### The task
Return each line of the listing that contains the string "None".

### Data records
(* Let $m\le n$ and let $r_1,\dots,r_m$ be positive integers with $n=\sum_{i=1}^m r_i$. For a positive integer $r$, let $\mathbf{1}_r$ denote the column vector of length $r$ with all entries $1$. Let $A=(a_{ij})$ be an $m\times m$ real matrix, and let $M$ be an $n\times n$ real matrix whose rows are divided into consecutive blocks of sizes $r_1,\dots,r_m$, whose $j$-th column, for $1\le j\le m$, is the vector $(a_{1j}\mathbf{1}_{r_1}^\top, a_{2j}\mathbf{1}_{r_2}^\top,\dots,a_{mj}\mathbf{1}_{r_m}^\top)^\top$, and whose remaining $n-m$ columns are arbitrary. Let $N$ be the $n\times n$ matrix with the same last $n-m$ columns as $M$, and whose $j$-th column, for $1\le j\le m$, has $\mathbf{1}_{r_j}$ in the $j$-th row block and zeros in all other row blocks. Then $\det(M)=\det(A)\cdot\det(N)$. *)

theory Defs
  imports "Jordan_Normal_Form.Determinant"
begin

end

theory Submission
  imports Defs
begin

text \<open>The first m columns of M are the columns of N combined by the coefficients of A, and the
  remaining columns agree, so M = N \<cdot> diag(A, I) and the determinant is multiplicative.\<close>

lemma block_index_exists:
  fixes r :: "nat \<Rightarrow> nat"
  assumes "k < (\<Sum>i<m. r i)"
  shows "\<exists>b<m. (\<Sum>i<b. r i) \<le> k \<and> k < (\<Sum>i<Suc b. r i)"
  using assms
proof (induction m)
  case 0
  then show ?case by simp
next
  case (Suc m)
  show ?case
  proof (cases "k < (\<Sum>i<m. r i)")
    case True
    then show ?thesis using Suc.IH less_SucI by blast
  next
    case False
    then show ?thesis using Suc.prems by (intro exI[of _ m]) auto
  qed
qed

definition pad_id_mat :: "'a::zero_neq_one mat \<Rightarrow> nat \<Rightarrow> 'a mat" where
  "pad_id_mat A k = four_block_mat A (0\<^sub>m (dim_row A) k) (0\<^sub>m k (dim_col A)) (1\<^sub>m k)"

lemma pad_id_mat_carrier:
  "A \<in> carrier_mat m m \<Longrightarrow> pad_id_mat A k \<in> carrier_mat (m + k) (m + k)"
  unfolding pad_id_mat_def by auto

lemma det_pad_id_mat:
  fixes A :: "'a::idom mat"
  assumes "A \<in> carrier_mat m m"
  shows "det (pad_id_mat A k) = det A"
  using assms unfolding pad_id_mat_def
  by (subst det_four_block_mat_upper_right_zero[OF assms]) auto

lemma index_pad_id_mat:
  assumes "A \<in> carrier_mat m m" "l < m + k" "j < m + k"
  shows "pad_id_mat A k $$ (l, j) =
    (if l < m \<and> j < m then A $$ (l, j) else if l = j then 1 else 0)"
  using assms unfolding pad_id_mat_def by (subst index_mat_four_block) auto

lemma index_mult_pad_id_mat:
  fixes N A :: "'a::comm_ring_1 mat"
  assumes A: "A \<in> carrier_mat m m" and N: "N \<in> carrier_mat n (m + k)"
    and i: "i < n" and j: "j < m + k"
  shows "(N * pad_id_mat A k) $$ (i, j) =
    (if j < m then (\<Sum>l<m. N $$ (i, l) * A $$ (l, j)) else N $$ (i, j))"
proof -
  have "(N * pad_id_mat A k) $$ (i, j) = (\<Sum>l<m + k. N $$ (i, l) * pad_id_mat A k $$ (l, j))"
    using A N i j pad_id_mat_carrier[OF A, of k]
    by (simp add: scalar_prod_def atLeast0LessThan[symmetric])
  also have "\<dots> = (if j < m then (\<Sum>l<m. N $$ (i, l) * A $$ (l, j)) else N $$ (i, j))"
  proof (cases "j < m")
    case True
    have "(\<Sum>l<m + k. N $$ (i, l) * pad_id_mat A k $$ (l, j))
        = (\<Sum>l<m + k. if l < m then N $$ (i, l) * A $$ (l, j) else 0)"
      using A j True by (intro sum.cong) (auto simp: index_pad_id_mat)
    also have "\<dots> = (\<Sum>l<m. N $$ (i, l) * A $$ (l, j))"
      by (intro sum.mono_neutral_cong_right) auto
    finally show ?thesis using True by simp
  next
    case False
    have "(\<Sum>l<m + k. N $$ (i, l) * pad_id_mat A k $$ (l, j))
        = (\<Sum>l<m + k. if l = j then N $$ (i, j) else 0)"
      using A j False by (intro sum.cong) (auto simp: index_pad_id_mat)
    then show ?thesis using False j by simp
  qed
  finally show ?thesis .
qed

theorem lemma4p5:
  fixes m n :: nat and r :: "nat \<Rightarrow> nat"
    and A M N :: "real mat"
  assumes "m \<le> n"
    and "\<And>i. i < m \<Longrightarrow> r i > 0"
    and "n = (\<Sum>i<m. r i)"
    and "A \<in> carrier_mat m m"
    and "M \<in> carrier_mat n n"
    and "N \<in> carrier_mat n n"
    and "\<And>k j b. k < n \<Longrightarrow> j < m \<Longrightarrow> b < m \<Longrightarrow>
           (\<Sum>i<b. r i) \<le> k \<Longrightarrow> k < (\<Sum>i<Suc b. r i) \<Longrightarrow>
           M $$ (k, j) = A $$ (b, j)"
    and "\<And>k j b. k < n \<Longrightarrow> j < m \<Longrightarrow> b < m \<Longrightarrow>
           (\<Sum>i<b. r i) \<le> k \<Longrightarrow> k < (\<Sum>i<Suc b. r i) \<Longrightarrow>
           N $$ (k, j) = (if b = j then 1 else 0)"
    and "\<And>k j. k < n \<Longrightarrow> m \<le> j \<Longrightarrow> j < n \<Longrightarrow> N $$ (k, j) = M $$ (k, j)"
  shows "det M = det A * det N"
proof -
  note m_le_n = assms(1) and A = assms(4) and M = assms(5) and N = assms(6)
    and M_left = assms(7) and N_left = assms(8) and N_right = assms(9)
  define B where "B = pad_id_mat A (n - m)"
  have N_cols: "N \<in> carrier_mat n (m + (n - m))" and B: "B \<in> carrier_mat n n"
    using N pad_id_mat_carrier[OF A, of "n - m"] m_le_n by (simp_all add: B_def)
  have "M = N * B"
  proof (rule eq_matI)
    fix k j assume "k < dim_row (N * B)" "j < dim_col (N * B)"
    then have k: "k < n" and j: "j < n" using N B by auto
    obtain b where b: "b < m" "(\<Sum>i<b. r i) \<le> k" "k < (\<Sum>i<Suc b. r i)"
      using block_index_exists[where k = k and m = m and r = r] k assms(3) by auto
    have "(\<Sum>l<m. N $$ (k, l) * A $$ (l, j)) = (\<Sum>l<m. if b = l then A $$ (l, j) else 0)"
      using b k N_left by (intro sum.cong) auto
    also have "\<dots> = A $$ (b, j)"
      using b by simp
    finally show "M $$ (k, j) = (N * B) $$ (k, j)"
      using index_mult_pad_id_mat[OF A N_cols k] j m_le_n b k M_left N_right
      by (auto simp: B_def)
  qed (use M N B in auto)
  then show ?thesis
    using det_mult[OF N B] det_pad_id_mat[OF A] by (simp add: B_def)
qed

end
lemma t_poly_add: "(t_poly (p + q) :: ('k::comm_ring_1,'n) mpoly) = t_poly p + t_poly q"
proof -
  define N where "N = Suc (degree p + degree q)"
  have "degree (p + q) < N" using degree_add_le_max[of p q] unfolding N_def by linarith
  moreover have "degree p < N" "degree q < N" unfolding N_def by auto
  ultimately show ?thesis by (simp add: t_poly_eq_sum[of _ N] single_add sum.distrib)
qed

lemma t_poly_smult:
  "(t_poly (Polynomial.smult a p) :: ('k::comm_ring_1,'n) mpoly) = Poly_Mapping.single 0 a * t_poly p"
proof -
  define N where "N = Suc (degree p)"
  have "degree (Polynomial.smult a p) < N" "degree p < N"
    unfolding N_def using degree_smult_le[of a p] by auto
  then show ?thesis by (simp add: t_poly_eq_sum[of _ N] sum_distrib_left mult_single)
qed

lemma t_poly_pCons:
  "(t_poly (pCons a q) :: ('k::comm_ring_1,'n) mpoly) = Poly_Mapping.single 0 a + t_var * t_poly q"
proof -
  define M where "M = Suc (degree q)"
  have d1: "degree (pCons a q) < Suc M" unfolding M_def using degree_pCons_le[of a q] by linarith
  have d2: "degree q < M" unfolding M_def by simp
  have shift: "t_var * Poly_Mapping.single (Poly_Mapping.single None i) c =
      Poly_Mapping.single (Poly_Mapping.single None (Suc i)) (c :: 'k)" for i c
    by (simp add: mult_single single_add[symmetric])
  show ?thesis
    unfolding t_poly_eq_sum[OF d1] t_poly_eq_sum[OF d2] sum.lessThan_Suc_shift sum_distrib_left shift
    by simp
qed

lemma t_poly_mult: "(t_poly (p * q) :: ('k::comm_ring_1,'n) mpoly) = t_poly p * t_poly q"
proof (induct p rule: pCons_induct)
  case (pCons a p)
  have "(t_poly (pCons a p * q) :: ('k,'n) mpoly) = t_poly (Polynomial.smult a q + pCons 0 (p * q))"
    by simp
  also have "\<dots> = Poly_Mapping.single 0 a * t_poly q + t_var * (t_poly p * t_poly q)"
    by (simp add: t_poly_add t_poly_smult t_poly_pCons pCons.hyps)
  also have "\<dots> = t_poly (pCons a p) * t_poly q"
    by (simp add: t_poly_pCons algebra_simps)
  finally show ?case .
qed simp

lemma t_poly_1 [simp]: "(t_poly 1 :: ('k::comm_ring_1,'n) mpoly) = 1"
  using t_poly_pCons[of "1::'k" 0, where 'n='n] by (simp add: one_pCons)

lemma t_poly_minus: "(t_poly (- p) :: ('k::comm_ring_1,'n) mpoly) = - t_poly p"
  using t_poly_add[of p "-p", where 'n='n] by (simp add: eq_neg_iff_add_eq_0 add.commute)

lemma t_poly_diff: "(t_poly (p - q) :: ('k::comm_ring_1,'n) mpoly) = t_poly p - t_poly q"
  by (simp only: diff_conv_add_uminus t_poly_add t_poly_minus)
(* Let $\alpha$ be a unit-speed curve in $\mathbb{R}^3$ with arc length $s$, nonzero curvature $\kappa$ and torsion $\tau$. Let $\alpha_T$ be its tangent indicatrix, with arc length $s_T=\int\kappa\,ds$, and let $\beta$ be an evolute-direction curve of $\alpha_T$ (an $X$-direction curve of $\alpha_T$ with $N_\beta=T_T$). Then there is a function $\psi(s)$ with $$\frac{d\psi}{ds}=\frac{\kappa^3}{(\kappa^2+\tau^2)^{3/2}}\Big(\frac{\tau}{\kappa}\Big)'\sqrt{1+\Big(\frac{\tau}{\kappa}\Big)^2}$$ such that, at corresponding parameter values, $$\frac{\tau_\beta}{\kappa_\beta}=-\cot\psi.$$ Moreover, $$\frac{\kappa_\beta^2}{(\kappa_\beta^2+\tau_\beta^2)^{3/2}}\,\frac{d}{ds_T}\Big(\frac{\tau_\beta}{\kappa_\beta}\Big)=\frac{\kappa^2}{(\kappa^2+\tau^2)^{3/2}}\Big(\frac{\tau}{\kappa}\Big)'.$$ Here $'$ denotes $d/ds$.
   Context: Let $\alpha:I\subset\mathbb{R}\to\mathbb{R}^3$ be a unit-speed curve with arc length $s$, curvature $\kappa>0$, torsion $\tau$ and Frenet frame $\{T,N,B\}$. Put $f=\tau/\kappa$ and $\sigma=\frac{\kappa^2}{(\kappa^2+\tau^2)^{3/2}}(\tau/\kappa)'$, with $'=d/ds$. The tangent indicatrix of $\alpha$ is the curve $\alpha_T=T$ on the unit sphere. Its arc length is $s_T=\int\kappa\,ds$, so parameters $s$ and $s_T(s)$ correspond. Its Frenet apparatus is $\{T_T,N_T,B_T,\kappa_T,\tau_T\}$, with $\frac{dT_T}{ds_T}=\kappa_TN_T$, $\frac{dN_T}{ds_T}=-\kappa_TT_T+\tau_TB_T$ and $\frac{dB_T}{ds_T}=-\tau_TN_T$. It is known that $T_T=N$, $\kappa_T=\sqrt{1+f^2}$ and $\tau_T=\sigma\sqrt{1+f^2}$. Let $x,y,z$ be real functions of $s_T$ with $x^2+y^2+z^2=1$, and set $X=xT_T+yN_T+zB_T$. An integral curve $\beta$ of $X$, meaning $d\beta/ds_T=X$, is an $X$-direction curve of $\alpha_T$. It has unit speed with arc length $s_T$. It is regarded as a Frenet curve with frame $\{T_\beta=X,N_\beta,B_\beta\}$, curvature $\kappa_\beta>0$ and torsion $\tau_\beta$. $\beta$ is an evolute-direction curve of $\alpha_T$ if $N_\beta=T_T$. *)

theory Defs
  imports "HOL-Analysis.Analysis" "HOL-Analysis.Cross3"
begin

definition frenet_curve ::
  "real set \<Rightarrow> (real \<Rightarrow> real^3) \<Rightarrow> (real \<Rightarrow> real^3) \<Rightarrow> (real \<Rightarrow> real^3) \<Rightarrow>
   (real \<Rightarrow> real^3) \<Rightarrow> (real \<Rightarrow> real) \<Rightarrow> (real \<Rightarrow> real) \<Rightarrow> bool" where
  "frenet_curve S c Tt Nn Bb k t \<longleftrightarrow>
    (\<forall>u\<in>S.
       (c has_vector_derivative Tt u) (at u) \<and>
       (Tt has_vector_derivative (k u *\<^sub>R Nn u)) (at u) \<and>
       (Nn has_vector_derivative (- (k u *\<^sub>R Tt u) + t u *\<^sub>R Bb u)) (at u) \<and>
       (Bb has_vector_derivative (- (t u *\<^sub>R Nn u))) (at u) \<and>
       norm (Tt u) = 1 \<and> norm (Nn u) = 1 \<and> Tt u \<bullet> Nn u = 0 \<and>
       Bb u = cross3 (Tt u) (Nn u) \<and> k u > 0)"

end

theory Submission
  imports Defs
begin

(* Since N_beta = T_T, the unit tangent T_beta is orthogonal to T_T, so T_beta = Y N_T + Z B_T
   with Y^2 + Z^2 = 1. Differentiating N_beta = T_T and comparing the Frenet equations of beta
   and alpha_T gives kappa_beta = -kappa_T Y and tau_beta = kappa_T Z, so Y < 0, while the
   Frenet equations of alpha_T make (Y, Z) rotate with angular speed tau_T:
   Y' = tau_T Z and Z' = -tau_T Y. Hence psi = -arccos Z has psi' = tau_T with respect to s_T,
   tau_beta / kappa_beta = -Z / Y = -cot psi, and (tau_beta / kappa_beta)' = tau_T / Y^2, which turns
   the left-hand side of the second identity into tau_T / kappa_T = sigma. The chain rule with
   ds_T/ds = kappa gives the derivative of psi with respect to s. *)

lemma DERIV_pos_imp_open_image:
  fixes g g' :: "real \<Rightarrow> real"
  assumes "open I" "is_interval I"
    and deriv: "\<And>s. s \<in> I \<Longrightarrow> (g has_real_derivative g' s) (at s)"
    and pos: "\<And>s. s \<in> I \<Longrightarrow> g' s > 0"
  shows "open (g ` I)"
proof -
  have "strict_mono_on I g"
  proof (rule strict_mono_onI)
    fix a b assume "a \<in> I" "b \<in> I" "a < b"
    show "g a < g b"
    proof (rule DERIV_pos_imp_increasing[OF \<open>a < b\<close>])
      fix x assume "a \<le> x" "x \<le> b"
      then have "x \<in> I"
        using \<open>is_interval I\<close> \<open>a \<in> I\<close> \<open>b \<in> I\<close> unfolding is_interval_1 by blast
      then show "\<exists>y. (g has_real_derivative y) (at x) \<and> y > 0"
        using deriv pos by blast
    qed
  qed
  then have "inj_on g I"
    by (rule strict_mono_on_imp_inj_on)
  moreover have "continuous_on I g"
    using deriv by (meson DERIV_isCont continuous_at_imp_continuous_on)
  ultimately have "\<forall>T. open T \<and> T \<subseteq> I \<longrightarrow> open (g ` T)"
    using injective_eq_1d_open_map_UNIV \<open>is_interval I\<close> by blast
  then show ?thesis
    using \<open>open I\<close> by blast
qed

lemma has_real_derivative_neg_arccos:
  fixes Z :: "real \<Rightarrow> real"
  assumes dZ: "(Z has_real_derivative - w * y) (at u)" and unit: "y\<^sup>2 + (Z u)\<^sup>2 = 1" and "y < 0"
  shows "((\<lambda>v. - arccos (Z v)) has_real_derivative w) (at u)"
proof -
  have "y\<^sup>2 > 0" using \<open>y < 0\<close> by simp
  then have "(Z u)\<^sup>2 < 1" using unit by linarith
  then have "\<bar>Z u\<bar> < 1" by (simp add: abs_square_less_1)
  moreover have "sqrt (1 - (Z u)\<^sup>2) = - y"
    using unit \<open>y < 0\<close> by (simp flip: unit add: real_sqrt_abs)
  ultimately have "(arccos has_real_derivative inverse y) (at (Z u))"
    using DERIV_arccos[of "Z u"] by (simp add: abs_less_iff)
  from DERIV_chain2[OF this dZ]
  have "((\<lambda>v. arccos (Z v)) has_real_derivative inverse y * (- w * y)) (at u)" .
  moreover have "inverse y * (- w * y) = - w"
    using \<open>y < 0\<close> by (simp add: field_simps)
  ultimately have "((\<lambda>v. arccos (Z v)) has_real_derivative - w) (at u)"
    by (rule DERIV_cong)
  from DERIV_minus[OF this] show ?thesis
    by simp
qed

### Exercise output
  have shift: "t_var * Poly_Mapping.single (Poly_Mapping.single None i) c =
      Poly_Mapping.single (Poly_Mapping.single None (Suc i)) (c :: 'k)" for i c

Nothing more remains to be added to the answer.